Kendisi dindar olmadığı gibi kimsenin olmasını istemiyor öyle mi?
O dönemde asıl amaç halkı hilafet olgusundan koparmak. Ayrıca bu din karşıtlığı bize özgü değil, dünyada din çok yıpranmış durumda o günlerde. Bir tarafta Sovyet Rusya, bir tarafta ıspanya.
İşte bu ters tepmedi mi ve dindar insanlar mağdur olmadı mı?
Elbette çünkü insanların kültür kodlarını bastırıyor. Cumhuriyet’in o günkü koşullarda geniş kitlelere ulaşması olanaksız. Her şeyden önce coğrafya buna engel. Cumhuriyet’in propaganda araçları çok kısıtlıydı, maddi gücü yoktu.
Atatürk’ün izlediği toplum mühendisliği bugün işler mi?
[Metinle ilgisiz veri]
(* Let $G$ be a finite connected graph. Let $\mathcal P_e$ (resp. $\mathcal P_o$) be the set of equivalence classes of prime reduced cycles of $G$ of even (resp. odd) length, and $\mathcal P_a$ the set of equivalence classes of prime reduced alternating cycles of $D_G$. Then: (1) If $C=(e_1,e_2,\dots,e_{2r-1},e_{2r})$ is a prime reduced cycle of $G$ of length $2r$, then $\tilde C=[e_1,e_2^{-1},e_3,\dots,e_{2r-1},e_{2r}^{-1}]$ and $\bar C=[e_1^{-1},e_2,e_3^{-1},\dots,e_{2r-1}^{-1},e_{2r}]$ are prime reduced alternating cycles of $D_G$ of length $2r$. (2) If $C=(e_1,\dots,e_{2r+1})$ is a prime reduced cycle of $G$ of length $2r+1$, then $\tilde C=[e_1,e_2^{-1},\dots,e_{2r+1},e_1^{-1},e_2,\dots,e_{2r+1}^{-1}]$ (the arcs $e_1,\dots,e_{2r+1},e_1,\dots,e_{2r+1}$ with every second arc, starting from the second, replaced by its inverse) is a prime reduced alternating cycle of $D_G$ of length $2(2r+1)$. (3) These assignments induce a bijection from $(\mathcal P_e\times\{1,2\})\cup\mathcal P_o$ onto $\mathcal P_a$, under which each class in $\mathcal P_e$ of length $2r$ corresponds to exactly two classes in $\mathcal P_a$ of length $2r$ and each class in $\mathcal P_o$ of length $2r+1$ corresponds to exactly one class in $\mathcal P_a$ of length $2(2r+1)$.
   Context: Graphs are finite and simple. For a connected graph $G$, $D_G$ is its symmetric digraph with arc set $D(G)=\{(u,v),(v,u): uv\in E(G)\}$; for $e=(u,v)$, $o(e)=u$, $t(e)=v$, $e^{-1}=(v,u)$. A cycle of length $k$ in $G$ is a sequence $(e_1,\dots,e_k)$ of arcs with $t(e_i)=o(e_{i+1})$ ($1\le i\le k-1$) and $t(e_k)=o(e_1)$; it has backtracking if $e_{i+1}=e_i^{-1}$ for some $i\le k-1$; it is reduced if neither it nor its double $(e_1,\dots,e_k,e_1,\dots,e_k)$ has backtracking; it is prime if it is not $B^r$ for a cycle $B$ and $r\ge 2$; two cycles are equivalent if one is a cyclic shift of the other. An alternating walk of length $r$ in $D_G$ is a sequence $[e_1,\dots,e_r]$ of arcs with vertices $v_0,\dots,v_r$ such that either $e_i=(v_{i-1},v_i)$ for odd $i$ and $e_i=(v_i,v_{i-1})$ for even $i$, or $e_i=(v_i,v_{i-1})$ for odd $i$ and $e_i=(v_{i-1},v_i)$ for even $i$. It has backtracking if $e_{i+1}=e_i$ for some $i\le r-1$. An alternating cycle is an alternating walk of even length with $v_0=v_r$; it has a tail if $e_r=e_1$; it is reduced if it has neither backtracking nor a tail. Equivalence (cyclic shift of arc sequence), multiples and primality are as for cycles. *)

theory Defs
  imports Main
begin

(* A finite simple graph G is given by its vertex set V and its symmetric,
   irreflexive adjacency relation Adj.  Adj is exactly the arc set D(G) of
   the symmetric digraph D_G. Arcs are pairs (u,v). *)

type_synonym 'a arc = "'a \<times> 'a"

definition finite_connected_graph :: "'a set \<Rightarrow> 'a arc set \<Rightarrow> bool" where
  "finite_connected_graph V Adj \<longleftrightarrow>
     finite V \<and> V \<noteq> {} \<and> Adj \<subseteq> V \<times> V \<and> sym Adj \<and> irrefl Adj \<and>
     (\<forall>u\<in>V. \<forall>v\<in>V. (u, v) \<in> Adj\<^sup>*)"

definition orig :: "'a arc \<Rightarrow> 'a" where "orig e = fst e"
definition termn :: "'a arc \<Rightarrow> 'a" where "termn e = snd e"
definition arc_inv :: "'a arc \<Rightarrow> 'a arc" where "arc_inv e = (snd e, fst e)"

definition is_cycle :: "'a arc set \<Rightarrow> 'a arc list \<Rightarrow> bool" where
  "is_cycle Adj C \<longleftrightarrow> C \<noteq> [] \<and> set C \<subseteq> Adj \<and>
     (\<forall>i. i + 1 < length C \<longrightarrow> termn (C ! i) = orig (C ! (i + 1))) \<and>
     termn (last C) = orig (hd C)"

definition has_backtracking :: "'a arc list \<Rightarrow> bool" where
  "has_backtracking C \<longleftrightarrow> (\<exists>i. i + 1 < length C \<and> C ! (i + 1) = arc_inv (C ! i))"

definition reduced_cycle :: "'a arc set \<Rightarrow> 'a arc list \<Rightarrow> bool" where
  "reduced_cycle Adj C \<longleftrightarrow> is_cycle Adj C \<and> \<not> has_backtracking C \<and> \<not> has_backtracking (C @ C)"

definition prime_cycle :: "'a arc set \<Rightarrow> 'a arc list \<Rightarrow> bool" where
  "prime_cycle Adj C \<longleftrightarrow> is_cycle Adj C \<and>
     \<not> (\<exists>B r. is_cycle Adj B \<and> r \<ge> 2 \<and> C = concat (replicate r B))"

(* alternating walks, with 0-based indices: arc number i (0-based) is arc number i+1 (1-based) *)
definition alt_walk :: "'a arc set \<Rightarrow> 'a arc list \<Rightarrow> 'a list \<Rightarrow> bool" where
  "alt_walk Adj W vs \<longleftrightarrow> set W \<subseteq> Adj \<and> length vs = length W + 1 \<and>
     ((\<forall>i<length W. W ! i = (if even i then (vs ! i, vs ! (i + 1)) else (vs ! (i + 1), vs ! i))) \<or>
      (\<forall>i<length W. W ! i = (if even i then (vs ! (i + 1), vs ! i) else (vs ! i, vs ! (i + 1)))))"

definition is_alt_cycle :: "'a arc set \<Rightarrow> 'a arc list \<Rightarrow> bool" where
  "is_alt_cycle Adj W \<longleftrightarrow> W \<noteq> [] \<and> even (length W) \<and>
     (\<exists>vs. alt_walk Adj W vs \<and> vs ! 0 = vs ! length W)"

definition alt_has_backtracking :: "'a arc list \<Rightarrow> bool" where
  "alt_has_backtracking W \<longleftrightarrow> (\<exists>i. i + 1 < length W \<and> W ! (i + 1) = W ! i)"

definition alt_has_tail :: "'a arc list \<Rightarrow> bool" where
  "alt_has_tail W \<longleftrightarrow> W \<noteq> [] \<and> last W = hd W"

definition reduced_alt_cycle :: "'a arc set \<Rightarrow> 'a arc list \<Rightarrow> bool" where
  "reduced_alt_cycle Adj W \<longleftrightarrow> is_alt_cycle Adj W \<and> \<not> alt_has_backtracking W \<and> \<not> alt_has_tail W"

definition prime_alt_cycle :: "'a arc set \<Rightarrow> 'a arc list \<Rightarrow> bool" where
  "prime_alt_cycle Adj W \<longleftrightarrow> is_alt_cycle Adj W \<and>
     \<not> (\<exists>B r. is_alt_cycle Adj B \<and> r \<ge> 2 \<and> W = concat (replicate r B))"

definition eq_class :: "'a arc list \<Rightarrow> 'a arc list set" where
  "eq_class C = {C'. \<exists>n. C' = rotate n C}"

definition P_even :: "'a arc set \<Rightarrow> 'a arc list set set" where
  "P_even Adj = {eq_class C | C. prime_cycle Adj C \<and> reduced_cycle Adj C \<and> even (length C)}"

definition P_odd :: "'a arc set \<Rightarrow> 'a arc list set set" where
  "P_odd Adj = {eq_class C | C. prime_cycle Adj C \<and> reduced_cycle Adj C \<and> odd (length C)}"

definition P_alt :: "'a arc set \<Rightarrow> 'a arc list set set" where
  "P_alt Adj = {eq_class W | W. prime_alt_cycle Adj W \<and> reduced_alt_cycle Adj W}"

definition tilde_seq :: "'a arc list \<Rightarrow> 'a arc list" where
  "tilde_seq C = map (\<lambda>i. if odd i then arc_inv (C ! i) else C ! i) [0..<length C]"

definition bar_seq :: "'a arc list \<Rightarrow> 'a arc list" where
  "bar_seq C = map (\<lambda>i. if even i then arc_inv (C ! i) else C ! i) [0..<length C]"

definition tilde_even :: "'a arc list \<Rightarrow> 'a arc list" where "tilde_even C = tilde_seq C"
definition bar_even :: "'a arc list \<Rightarrow> 'a arc list" where "bar_even C = bar_seq C"
definition tilde_odd :: "'a arc list \<Rightarrow> 'a arc list" where "tilde_odd C = tilde_seq (C @ C)"

end

theory Submission
  imports Defs
begin

text \<open>
  Reversing every second arc of a closed walk of even length turns it into an alternating closed
  walk; this can be done in two ways (keep the arcs at even or at odd positions), and every
  alternating closed walk arises in this way. Backtracking of the alternating walk corresponds to
  backtracking of the walk, and a tail to backtracking across its closing point, so reduced cycles
  and reduced alternating cycles correspond. Alternation commutes with powers of even period, so a
  prime reduced alternating cycle comes either from a prime reduced cycle \<open>C\<close> of even length or
  from the square \<open>C @ C\<close> of one of odd length: the square of a primitive list of odd length is not
  a power of even period. Rotating by an odd number of positions interchanges the two
  alternations. For even \<open>C\<close> the two resulting classes stay distinct because \<open>C\<close> is primitive,
  whereas for odd \<open>C\<close> the rotation of \<open>C @ C\<close> by \<open>length C\<close> identifies them.
\<close>

section \<open>Powers, primitive lists and rotation classes\<close>

abbreviation list_pow :: "nat \<Rightarrow> 'b list \<Rightarrow> 'b list" where
  "list_pow r xs \<equiv> concat (replicate r xs)"

lemma length_list_pow [simp]: "length (list_pow r xs) = r * length xs"
  by (induct r) auto

lemma nth_list_pow: "i < r * length xs \<Longrightarrow> list_pow r xs ! i = xs ! (i mod length xs)"
proof (induct r arbitrary: i)
  case (Suc r)
  show ?case
  proof (cases "i < length xs")
    case False
    then have "i - length xs < r * length xs" using Suc.prems by simp
    moreover have "(i - length xs) mod length xs = i mod length xs"
      using False le_mod_geq[of "length xs" i] by simp
    ultimately show ?thesis using False Suc.hyps by (simp add: nth_append)
  qed (simp add: nth_append)
qed simp

lemma list_pow_mult: "list_pow r (list_pow s xs) = list_pow (r * s) xs"
  by (induct r) (auto simp: replicate_add)

lemma list_pow_2: "list_pow 2 xs = xs @ xs"
  by (simp add: numeral_2_eq_2)

lemma set_list_pow: "r \<ge> 1 \<Longrightarrow> set (list_pow r xs) = set xs"
  by (cases r) auto

lemma rotate_list_pow: "rotate n (list_pow r xs) = list_pow r (rotate n xs)"
proof (cases "xs = []")
  case False
  show ?thesis
  proof (rule nth_equalityI)
    fix i assume "i < length (rotate n (list_pow r xs))"
    then have i: "i < r * length xs" by simp
    have "(n + i) mod (r * length xs) < r * length xs"
      using i by (intro mod_less_divisor) linarith
    then have "rotate n (list_pow r xs) ! i = xs ! ((n + i) mod (r * length xs) mod length xs)"
      using i by (simp add: nth_rotate nth_list_pow)
    also have "\<dots> = xs ! ((n + i mod length xs) mod length xs)"
      by (simp add: mod_mod_cancel mod_add_right_eq)
    also have "\<dots> = list_pow r (rotate n xs) ! i"
      using i False by (simp add: nth_list_pow nth_rotate)
    finally show "rotate n (list_pow r xs) ! i = list_pow r (rotate n xs) ! i" .
  qed simp
qed simp

lemma rotate_length_list_pow: "rotate (length xs) (list_pow r xs) = list_pow r xs"
  by (simp add: rotate_list_pow)

lemma rotate_append_self: "rotate n (xs @ xs) = rotate n xs @ rotate n xs"
  using rotate_list_pow[of n 2 xs] by (simp add: list_pow_2)

definition primitive :: "'b list \<Rightarrow> bool" where
  "primitive xs \<longleftrightarrow> \<not> (\<exists>ys r. 2 \<le> r \<and> xs = list_pow r ys)"

lemma primitive_not_Nil: "primitive xs \<Longrightarrow> xs \<noteq> []"
  unfolding primitive_def by (metis concat_replicate_trivial order_refl)

lemma rotate_mult_eq_self: "rotate n xs = xs \<Longrightarrow> rotate (n * q) xs = xs"
  by (induct q) (simp_all add: rotate_rotate[symmetric])

lemma rotate_gcd_eq_self:
  assumes rot: "rotate m xs = xs"
  shows "rotate (gcd m (length xs)) xs = xs"
proof (cases "m = 0")
  case False
  then obtain x y where bez: "m * x = length xs * y + gcd m (length xs)"
    using bezout_nat by blast
  have "xs = rotate (m * x) xs"
    using rotate_mult_eq_self[OF rot] by simp
  also have "\<dots> = rotate (gcd m (length xs)) (rotate (length xs * y) xs)"
    by (simp only: rotate_rotate bez add.commute)
  also have "\<dots> = rotate (gcd m (length xs)) xs"
    by simp
  finally show ?thesis by simp
qed simp

lemma nth_rotate_period:
  assumes rot: "rotate g xs = xs" and i: "i < length xs"
  shows "xs ! i = xs ! (i mod g)"
proof -
  have "i mod g < length xs"
    using i by (metis le_less_trans mod_less_eq_dividend)
  then have "xs ! (i mod g) = rotate (g * (i div g)) xs ! (i mod g)"
    using rotate_mult_eq_self[OF rot] by simp
  also have "\<dots> = xs ! i"
    using \<open>i mod g < length xs\<close> i by (simp add: nth_rotate)
  finally show ?thesis by simp
qed

lemma primitive_rotate_eq_self:
  assumes prim: "primitive xs" and rot: "rotate n xs = xs"
  shows "length xs dvd n"
proof -
  define g where "g = gcd n (length xs)"
  have g: "g > 0" "g dvd length xs" "g \<le> length xs"
    using primitive_not_Nil[OF prim] by (auto simp: g_def dvd_imp_le)
  have "xs = list_pow (length xs div g) (take g xs)"
  proof (rule nth_equalityI)
    have len_take: "length (take g xs) = g"
      using g by simp
    then show len: "length xs = length (list_pow (length xs div g) (take g xs))"
      using g by simp
    fix i assume i: "i < length xs"
    then have "list_pow (length xs div g) (take g xs) ! i = take g xs ! (i mod length (take g xs))"
      using len by (intro nth_list_pow) simp
    also have "\<dots> = take g xs ! (i mod g)"
      unfolding len_take ..
    also have "\<dots> = xs ! i"
      using g i nth_rotate_period[OF rotate_gcd_eq_self[OF rot] i] by (simp add: g_def)
    finally show "xs ! i = list_pow (length xs div g) (take g xs) ! i" by simp
  qed
  then have "length xs div g < 2"
    using prim unfolding primitive_def by (meson not_less)
  moreover have "length xs div g \<noteq> 0"
    using g by (simp add: div_greater_zero_iff)
  ultimately have "length xs div g = 1"
    by linarith
  then have "g = length xs"
    using g(2) by (metis dvd_mult_div_cancel mult.right_neutral)
  then show ?thesis
    unfolding g_def by (metis gcd_dvd1)
qed

lemma primitive_root: "xs \<noteq> [] \<Longrightarrow> \<exists>ys r. 1 \<le> r \<and> xs = list_pow r ys \<and> primitive ys"
proof (induct "length xs" arbitrary: xs rule: less_induct)
  case (less xs)
  show ?case
  proof (cases "primitive xs")
    case True then show ?thesis by (intro exI[of _ xs] exI[of _ 1]) auto
  next
    case False
    then obtain ys r where r: "2 \<le> r" and xs: "xs = list_pow r ys" unfolding primitive_def by blast
    with less.prems have "ys \<noteq> []" "length ys < length xs" by auto
    then obtain zs s where "1 \<le> s" "ys = list_pow s zs" "primitive zs"
      using less.hyps by blast
    moreover have "xs = list_pow (r * s) zs"
      using xs \<open>ys = list_pow s zs\<close> by (simp add: list_pow_mult)
    moreover have "1 \<le> r * s"
      using r \<open>1 \<le> s\<close> by simp
    ultimately show ?thesis by blast
  qed
qed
Bu devirde mümkün değil çünkü çok daha kristalize bir birey kavramı var. Milli Mücadele 1912’de Balkan Harbi’yle başlamış 10 yıllık bir savaş. Anadolu 5 milyon nüfus kaybetmiş. Geriye fakir, okur yazar düzeyi çok düşük bir kitle kalmış. Bugün küresel dünyada yaşıyoruz. İktidarların gücü de daha sınırlı, er geç toplumun kontrol mekanizmaları devreye giriyor. Toplum mühendisliği denense de geri teper.